- The task -
Whenever a line of the listing contains the string "assumes", return that line.

——

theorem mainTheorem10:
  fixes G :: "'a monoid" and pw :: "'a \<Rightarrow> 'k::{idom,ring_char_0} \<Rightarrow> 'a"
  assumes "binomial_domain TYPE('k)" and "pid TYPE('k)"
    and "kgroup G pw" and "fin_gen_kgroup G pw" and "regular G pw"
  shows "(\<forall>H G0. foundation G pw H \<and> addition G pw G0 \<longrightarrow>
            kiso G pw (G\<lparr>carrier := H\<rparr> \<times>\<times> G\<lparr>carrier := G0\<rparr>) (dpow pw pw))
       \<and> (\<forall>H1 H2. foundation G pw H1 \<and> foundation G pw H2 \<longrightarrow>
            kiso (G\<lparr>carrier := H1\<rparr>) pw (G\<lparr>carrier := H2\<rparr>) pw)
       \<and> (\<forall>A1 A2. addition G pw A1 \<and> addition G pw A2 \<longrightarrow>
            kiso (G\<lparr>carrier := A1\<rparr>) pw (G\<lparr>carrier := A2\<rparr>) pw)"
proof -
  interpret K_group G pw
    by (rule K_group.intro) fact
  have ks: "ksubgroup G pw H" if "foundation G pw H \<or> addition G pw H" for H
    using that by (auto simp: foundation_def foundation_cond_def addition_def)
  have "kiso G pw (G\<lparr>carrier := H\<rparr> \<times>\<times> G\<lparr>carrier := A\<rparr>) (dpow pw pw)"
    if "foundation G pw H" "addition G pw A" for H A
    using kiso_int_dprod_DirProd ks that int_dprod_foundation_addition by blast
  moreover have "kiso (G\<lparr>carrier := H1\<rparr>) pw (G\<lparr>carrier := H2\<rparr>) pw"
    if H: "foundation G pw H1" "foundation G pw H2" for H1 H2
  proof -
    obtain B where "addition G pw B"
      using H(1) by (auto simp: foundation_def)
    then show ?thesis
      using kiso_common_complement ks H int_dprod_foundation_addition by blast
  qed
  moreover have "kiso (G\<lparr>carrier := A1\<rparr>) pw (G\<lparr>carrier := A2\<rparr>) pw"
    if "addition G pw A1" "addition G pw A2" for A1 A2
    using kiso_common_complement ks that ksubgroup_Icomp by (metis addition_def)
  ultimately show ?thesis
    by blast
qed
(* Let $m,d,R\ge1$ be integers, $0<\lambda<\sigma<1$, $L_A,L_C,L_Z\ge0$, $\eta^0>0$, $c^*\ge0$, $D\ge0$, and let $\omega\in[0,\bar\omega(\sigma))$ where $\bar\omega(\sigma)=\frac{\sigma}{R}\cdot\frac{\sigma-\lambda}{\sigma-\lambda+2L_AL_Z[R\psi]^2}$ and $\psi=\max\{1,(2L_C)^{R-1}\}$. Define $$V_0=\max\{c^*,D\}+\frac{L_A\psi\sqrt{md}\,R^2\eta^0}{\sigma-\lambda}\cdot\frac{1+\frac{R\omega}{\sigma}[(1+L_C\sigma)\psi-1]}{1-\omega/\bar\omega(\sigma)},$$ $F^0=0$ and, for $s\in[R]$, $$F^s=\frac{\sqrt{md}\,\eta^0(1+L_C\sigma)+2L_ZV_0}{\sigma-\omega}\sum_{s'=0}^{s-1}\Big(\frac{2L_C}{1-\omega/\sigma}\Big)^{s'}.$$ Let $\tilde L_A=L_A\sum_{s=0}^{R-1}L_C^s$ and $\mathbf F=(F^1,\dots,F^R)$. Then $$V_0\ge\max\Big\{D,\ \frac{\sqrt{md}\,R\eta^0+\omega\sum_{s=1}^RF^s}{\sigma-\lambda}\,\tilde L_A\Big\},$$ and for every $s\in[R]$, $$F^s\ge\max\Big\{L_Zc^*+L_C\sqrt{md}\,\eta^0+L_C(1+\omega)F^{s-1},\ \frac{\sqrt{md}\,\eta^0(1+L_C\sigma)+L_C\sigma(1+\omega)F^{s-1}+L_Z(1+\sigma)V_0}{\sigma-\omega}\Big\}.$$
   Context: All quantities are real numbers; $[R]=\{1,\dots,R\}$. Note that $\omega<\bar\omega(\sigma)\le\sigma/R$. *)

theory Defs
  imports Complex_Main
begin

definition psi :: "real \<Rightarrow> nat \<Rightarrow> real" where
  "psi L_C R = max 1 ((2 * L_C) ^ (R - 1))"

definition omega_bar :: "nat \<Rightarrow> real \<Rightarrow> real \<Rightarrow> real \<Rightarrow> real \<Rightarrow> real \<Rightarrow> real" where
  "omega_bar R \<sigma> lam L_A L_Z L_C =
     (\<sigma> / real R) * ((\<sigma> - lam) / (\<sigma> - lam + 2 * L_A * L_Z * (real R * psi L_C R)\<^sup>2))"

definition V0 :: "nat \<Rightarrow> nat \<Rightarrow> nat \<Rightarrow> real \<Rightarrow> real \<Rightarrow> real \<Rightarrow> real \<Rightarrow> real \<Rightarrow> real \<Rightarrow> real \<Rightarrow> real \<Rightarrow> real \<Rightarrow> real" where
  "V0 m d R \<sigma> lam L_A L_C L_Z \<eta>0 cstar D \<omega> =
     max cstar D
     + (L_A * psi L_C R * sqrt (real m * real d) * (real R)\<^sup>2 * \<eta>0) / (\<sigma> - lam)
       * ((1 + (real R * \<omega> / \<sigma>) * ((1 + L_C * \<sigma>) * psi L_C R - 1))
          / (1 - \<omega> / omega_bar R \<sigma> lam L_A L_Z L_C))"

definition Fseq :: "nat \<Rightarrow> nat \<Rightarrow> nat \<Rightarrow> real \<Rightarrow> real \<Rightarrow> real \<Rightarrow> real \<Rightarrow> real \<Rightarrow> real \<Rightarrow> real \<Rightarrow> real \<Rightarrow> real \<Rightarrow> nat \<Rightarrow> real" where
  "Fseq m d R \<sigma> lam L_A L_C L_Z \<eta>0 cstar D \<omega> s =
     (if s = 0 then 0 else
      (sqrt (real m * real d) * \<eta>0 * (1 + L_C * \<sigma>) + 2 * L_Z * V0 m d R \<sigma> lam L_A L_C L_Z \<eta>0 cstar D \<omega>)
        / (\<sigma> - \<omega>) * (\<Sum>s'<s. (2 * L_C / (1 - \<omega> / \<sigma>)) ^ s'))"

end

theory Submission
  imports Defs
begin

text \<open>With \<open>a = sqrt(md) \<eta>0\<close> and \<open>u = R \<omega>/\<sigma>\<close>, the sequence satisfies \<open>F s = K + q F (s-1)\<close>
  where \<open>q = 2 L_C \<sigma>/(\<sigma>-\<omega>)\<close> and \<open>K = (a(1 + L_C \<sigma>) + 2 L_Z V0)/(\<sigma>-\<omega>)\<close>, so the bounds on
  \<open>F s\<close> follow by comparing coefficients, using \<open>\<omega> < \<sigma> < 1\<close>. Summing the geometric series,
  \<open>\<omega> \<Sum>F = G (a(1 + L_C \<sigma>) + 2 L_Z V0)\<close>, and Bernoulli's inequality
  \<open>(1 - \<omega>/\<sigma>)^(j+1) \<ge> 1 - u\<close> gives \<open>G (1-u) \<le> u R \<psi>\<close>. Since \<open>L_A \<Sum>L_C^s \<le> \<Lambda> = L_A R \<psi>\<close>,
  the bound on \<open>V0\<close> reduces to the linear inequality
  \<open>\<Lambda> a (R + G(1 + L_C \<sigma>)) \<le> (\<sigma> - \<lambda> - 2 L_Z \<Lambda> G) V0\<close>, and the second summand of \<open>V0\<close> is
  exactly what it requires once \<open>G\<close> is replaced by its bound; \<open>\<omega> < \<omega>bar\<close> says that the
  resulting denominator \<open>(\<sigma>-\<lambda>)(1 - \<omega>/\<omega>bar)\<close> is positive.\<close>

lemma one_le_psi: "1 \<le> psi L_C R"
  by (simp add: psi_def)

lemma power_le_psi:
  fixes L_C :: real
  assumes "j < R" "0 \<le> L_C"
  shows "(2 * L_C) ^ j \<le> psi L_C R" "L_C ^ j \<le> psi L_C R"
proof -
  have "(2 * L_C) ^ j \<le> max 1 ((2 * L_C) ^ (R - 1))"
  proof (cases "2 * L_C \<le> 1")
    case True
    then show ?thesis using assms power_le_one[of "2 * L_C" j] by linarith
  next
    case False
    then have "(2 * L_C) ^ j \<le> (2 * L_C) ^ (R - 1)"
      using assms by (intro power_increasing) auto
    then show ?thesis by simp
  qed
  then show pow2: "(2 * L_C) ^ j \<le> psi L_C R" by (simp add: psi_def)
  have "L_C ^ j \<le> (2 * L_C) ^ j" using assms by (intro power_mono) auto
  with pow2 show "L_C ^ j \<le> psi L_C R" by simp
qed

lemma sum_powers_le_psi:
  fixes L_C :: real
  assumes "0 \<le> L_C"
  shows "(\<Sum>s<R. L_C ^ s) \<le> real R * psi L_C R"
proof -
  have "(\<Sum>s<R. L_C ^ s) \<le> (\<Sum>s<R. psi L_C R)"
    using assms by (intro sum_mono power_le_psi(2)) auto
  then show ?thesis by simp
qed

——

- Written answer -
  assumes "binomial_domain TYPE('k)" and "pid TYPE('k)"
  assumes "j < R" "0 \<le> L_C"
  assumes "0 \<le> L_C"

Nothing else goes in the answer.